*Exercise goal*. Copy the entries that follow, exactly and completely.

____________

lemma rok_cond_imp_tow_cond:
  assumes lh: "local_homeo X T" and rok: "rok_cond X T d"
  shows "tow_cond X T (2 * d + 1)"
  unfolding tow_cond_def
proof (intro allI impI)
  fix E :: "int set" assume "finite E"
  then obtain M where E_bound: "\<And>e. e \<in> E \<Longrightarrow> \<bar>e\<bar> \<le> int M"
    using finite_int_set_bounded by blast
  define N where "N = 4 * M + 4"
  have "N \<ge> 1" by (simp add: N_def)
  then obtain m Us where "m \<le> d + 1" and towers: "\<And>i. i < m \<Longrightarrow> rok_tower X T N (Us i)"
    and cover: "X \<subseteq> (\<Union>i<m. \<Union>k<N. Us i k)"
    using rok[unfolded rok_cond_def, rule_format, OF \<open>N \<ge> 1\<close>] by blast
  have TX: "T ` X \<subseteq> X" using lh by (rule local_homeo_image_subset)
  define V where "V i = Us (i div 2) 0" for i
  define S where "S i = {(i mod 2) * (2 * M + 2) ..< (i mod 2) * (2 * M + 2) + N}" for i
  have V_open: "openin (top_of_set X) (V i)" if "i < 2 * m" for i
    using rok_tower_openin[OF towers, of "i div 2" 0] that unfolding V_def N_def by simp
  have window_disjoint: "preim X T n (closure (V i)) \<inter> preim X T n' (closure (V i)) = {}"
    if "i < 2 * m" "n \<in> S i" "n' \<in> S i" "n \<noteq> n'" for i n n'
    unfolding V_def
    by (rule rok_tower_preim_closure_base_disjoint[OF lh towers, where a = "(i mod 2) * (2 * M + 2)"])
       (use that in \<open>auto simp: S_def\<close>)
  have window_covers: "\<exists>i<2 * m. \<exists>n\<in>S i. x \<in> preim X T n (V i) \<and> (\<forall>e\<in>E. \<exists>k\<in>S i. int k = e + int n)"
    if "x \<in> X" for x
  proof -
    obtain j b n where "j < m" "b < 2" and x_in: "x \<in> preim X T n (Us j 0)" and window:
      "\<And>e. \<bar>e\<bar> \<le> int M \<Longrightarrow> \<exists>k\<in>{b * (2 * M + 2)..<b * (2 * M + 2) + N}. int k = e + int n"
      using rok_towers_cover_in_window[OF TX towers[unfolded N_def] cover[unfolded N_def] \<open>x \<in> X\<close>,
          folded N_def] by blast
    have i: "2 * j + b < 2 * m" "(2 * j + b) div 2 = j"
      "S (2 * j + b) = {b * (2 * M + 2)..<b * (2 * M + 2) + N}"
      using \<open>j < m\<close> \<open>b < 2\<close> by (auto simp: S_def)
    have "n \<in> S (2 * j + b)" using window[of 0] i(3) by auto
    then show ?thesis
      using i x_in window E_bound unfolding V_def by (intro exI[of _ "2 * j + b"]) auto
  qed
  show "\<exists>(s::nat) V S c. (\<forall>i<s. openin (top_of_set X) (V i) \<and> finite (S i)) \<and>
        (\<forall>i<s. \<forall>m\<in>S i. \<forall>n\<in>S i. m \<noteq> n \<longrightarrow>
            preim X T m (closure (V i)) \<inter> preim X T n (closure (V i)) = {}) \<and>
        (\<forall>i<s. \<forall>n\<in>S i. c i n \<le> 2 * d + 1) \<and>
        (\<forall>i<s. \<forall>n\<in>S i. \<forall>j<s. \<forall>m\<in>S j. (i, n) \<noteq> (j, m) \<and> c i n = c j m \<longrightarrow>
            preim X T n (V i) \<inter> preim X T m (V j) = {}) \<and>
        X \<subseteq> (\<Union>i<s. \<Union>n\<in>S i. preim X T n (V i)) \<and>
        (\<forall>x\<in>X. \<exists>i<s. \<exists>n\<in>S i. x \<in> preim X T n (V i) \<and> (\<forall>e\<in>E. \<exists>k\<in>S i. int k = e + int n))"
  proof (rule exI[where x = "2 * m"], rule exI[where x = V], rule exI[where x = S],
      rule exI[where x = "\<lambda>i n. i"], intro conjI)
    show "\<forall>i<2 * m. openin (top_of_set X) (V i) \<and> finite (S i)"
      using V_open by (simp add: S_def)
    show "\<forall>i<2 * m. \<forall>n\<in>S i. \<forall>n'\<in>S i. n \<noteq> n' \<longrightarrow>
            preim X T n (closure (V i)) \<inter> preim X T n' (closure (V i)) = {}"
      using window_disjoint by blast
    show "\<forall>i<2 * m. \<forall>n\<in>S i. i \<le> 2 * d + 1"
      using \<open>m \<le> d + 1\<close> by auto
    show "\<forall>i<2 * m. \<forall>n\<in>S i. \<forall>j<2 * m. \<forall>n'\<in>S j. (i, n) \<noteq> (j, n') \<and> i = j \<longrightarrow>
            preim X T n (V i) \<inter> preim X T n' (V j) = {}"
      using window_disjoint preim_mono[OF closure_subset] by blast
    show "X \<subseteq> (\<Union>i<2 * m. \<Union>n\<in>S i. preim X T n (V i))"
      using window_covers by blast
  qed (use window_covers in blast)
qed

lemma INF_enat_le_affine:
  assumes "\<And>d. P d \<Longrightarrow> Q (2 * d + 1)"
  shows "(INF d\<in>{d. Q d}. enat d) \<le> 2 * (INF d\<in>{d. P d}. enat d) + 1"
proof (cases "\<exists>d. P d")
  case False
  then show ?thesis by (simp add: top_enat_def numeral_eq_enat)
next
  case True
  then have "(INF d\<in>{d. P d}. enat d) \<in> enat ` {d. P d}"
    unfolding Inf_enat_def by (auto intro: LeastI)
  then obtain d where "P d" and "(INF d\<in>{d. P d}. enat d) = enat d" by auto
  moreover have "(INF d\<in>{d. Q d}. enat d) \<le> enat (2 * d + 1)"
    using assms[OF \<open>P d\<close>] by (intro INF_lower) auto
  ultimately show ?thesis by (simp add: one_enat_def numeral_eq_enat)
qed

____________

*Written reply*.
lemma rok_cond_imp_tow_cond:
  assumes lh: "local_homeo X T" and rok: "rok_cond X T d"
  shows "tow_cond X T (2 * d + 1)"
  unfolding tow_cond_def
proof (intro allI impI)
  fix E :: "int set" assume "finite E"
  then obtain M where E_bound: "\<And>e. e \<in> E \<Longrightarrow> \<bar>e\<bar> \<le> int M"
    using finite_int_set_bounded by blast
  define N where "N = 4 * M + 4"
  have "N \<ge> 1" by (simp add: N_def)
  then obtain m Us where "m \<le> d + 1" and towers: "\<And>i. i < m \<Longrightarrow> rok_tower X T N (Us i)"
    and cover: "X \<subseteq> (\<Union>i<m. \<Union>k<N. Us i k)"
    using rok[unfolded rok_cond_def, rule_format, OF \<open>N \<ge> 1\<close>] by blast
  have TX: "T ` X \<subseteq> X" using lh by (rule local_homeo_image_subset)
  define V where "V i = Us (i div 2) 0" for i
  define S where "S i = {(i mod 2) * (2 * M + 2) ..< (i mod 2) * (2 * M + 2) + N}" for i
  have V_open: "openin (top_of_set X) (V i)" if "i < 2 * m" for i
    using rok_tower_openin[OF towers, of "i div 2" 0] that unfolding V_def N_def by simp
  have window_disjoint: "preim X T n (closure (V i)) \<inter> preim X T n' (closure (V i)) = {}"
    if "i < 2 * m" "n \<in> S i" "n' \<in> S i" "n \<noteq> n'" for i n n'
    unfolding V_def
    by (rule rok_tower_preim_closure_base_disjoint[OF lh towers, where a = "(i mod 2) * (2 * M + 2)"])
       (use that in \<open>auto simp: S_def\<close>)
  have window_covers: "\<exists>i<2 * m. \<exists>n\<in>S i. x \<in> preim X T n (V i) \<and> (\<forall>e\<in>E. \<exists>k\<in>S i. int k = e + int n)"
    if "x \<in> X" for x
  proof -
    obtain j b n where "j < m" "b < 2" and x_in: "x \<in> preim X T n (Us j 0)" and window:
      "\<And>e. \<bar>e\<bar> \<le> int M \<Longrightarrow> \<exists>k\<in>{b * (2 * M + 2)..<b * (2 * M + 2) + N}. int k = e + int n"
      using rok_towers_cover_in_window[OF TX towers[unfolded N_def] cover[unfolded N_def] \<open>x \<in> X\<close>,
          folded N_def] by blast
    have i: "2 * j + b < 2 * m" "(2 * j + b) div 2 = j"
      "S (2 * j + b) = {b * (2 * M + 2)..<b * (2 * M + 2) + N}"
      using \<open>j < m\<close> \<open>b < 2\<close> by (auto simp: S_def)
    have "n \<in> S (2 * j + b)" using window[of 0] i(3) by auto
    then show ?thesis
      using i x_in window E_bound unfolding V_def by (intro exI[of _ "2 * j + b"]) auto
  qed
  show "\<exists>(s::nat) V S c. (\<forall>i<s. openin (top_of_set X) (V i) \<and> finite (S i)) \<and>
        (\<forall>i<s. \<forall>m\<in>S i. \<forall>n\<in>S i. m \<noteq> n \<longrightarrow>
            preim X T m (closure (V i)) \<inter> preim X T n (closure (V i)) = {}) \<and>
        (\<forall>i<s. \<forall>n\<in>S i. c i n \<le> 2 * d + 1) \<and>
        (\<forall>i<s. \<forall>n\<in>S i. \<forall>j<s. \<forall>m\<in>S j. (i, n) \<noteq> (j, m) \<and> c i n = c j m \<longrightarrow>
            preim X T n (V i) \<inter> preim X T m (V j) = {}) \<and>
        X \<subseteq> (\<Union>i<s. \<Union>n\<in>S i. preim X T n (V i)) \<and>
        (\<forall>x\<in>X. \<exists>i<s. \<exists>n\<in>S i. x \<in> preim X T n (V i) \<and> (\<forall>e\<in>E. \<exists>k\<in>S i. int k = e + int n))"
  proof (rule exI[where x = "2 * m"], rule exI[where x = V], rule exI[where x = S],
      rule exI[where x = "\<lambda>i n. i"], intro conjI)
    show "\<forall>i<2 * m. openin (top_of_set X) (V i) \<and> finite (S i)"
      using V_open by (simp add: S_def)
    show "\<forall>i<2 * m. \<forall>n\<in>S i. \<forall>n'\<in>S i. n \<noteq> n' \<longrightarrow>
            preim X T n (closure (V i)) \<inter> preim X T n' (closure (V i)) = {}"
      using window_disjoint by blast
    show "\<forall>i<2 * m. \<forall>n\<in>S i. i \<le> 2 * d + 1"
      using \<open>m \<le> d + 1\<close> by auto
    show "\<forall>i<2 * m. \<forall>n\<in>S i. \<forall>j<2 * m. \<forall>n'\<in>S j. (i, n) \<noteq> (j, n') \<and> i = j \<longrightarrow>
            preim X T n (V i) \<inter> preim X T n' (V j) = {}"
      using window_disjoint preim_mono[OF closure_subset] by blast
    show "X \<subseteq> (\<Union>i<2 * m. \<Union>n\<in>S i. preim X T n (V i))"
      using window_covers by blast
  qed (use window_covers in blast)
qed

lemma INF_enat_le_affine:
  assumes "\<And>d. P d \<Longrightarrow> Q (2 * d + 1)"
  shows "(INF d\<in>{d. Q d}. enat d) \<le> 2 * (INF d\<in>{d. P d}. enat d) + 1"
proof (cases "\<exists>d. P d")
  case False
  then show ?thesis by (simp add: top_enat_def numeral_eq_enat)
next
  case True
  then have "(INF d\<in>{d. P d}. enat d) \<in> enat ` {d. P d}"
    unfolding Inf_enat_def by (auto intro: LeastI)
  then obtain d where "P d" and "(INF d\<in>{d. P d}. enat d) = enat d" by auto
  moreover have "(INF d\<in>{d. Q d}. enat d) \<le> enat (2 * d + 1)"
    using assms[OF \<open>P d\<close>] by (intro INF_lower) auto
  ultimately show ?thesis by (simp add: one_enat_def numeral_eq_enat)
qed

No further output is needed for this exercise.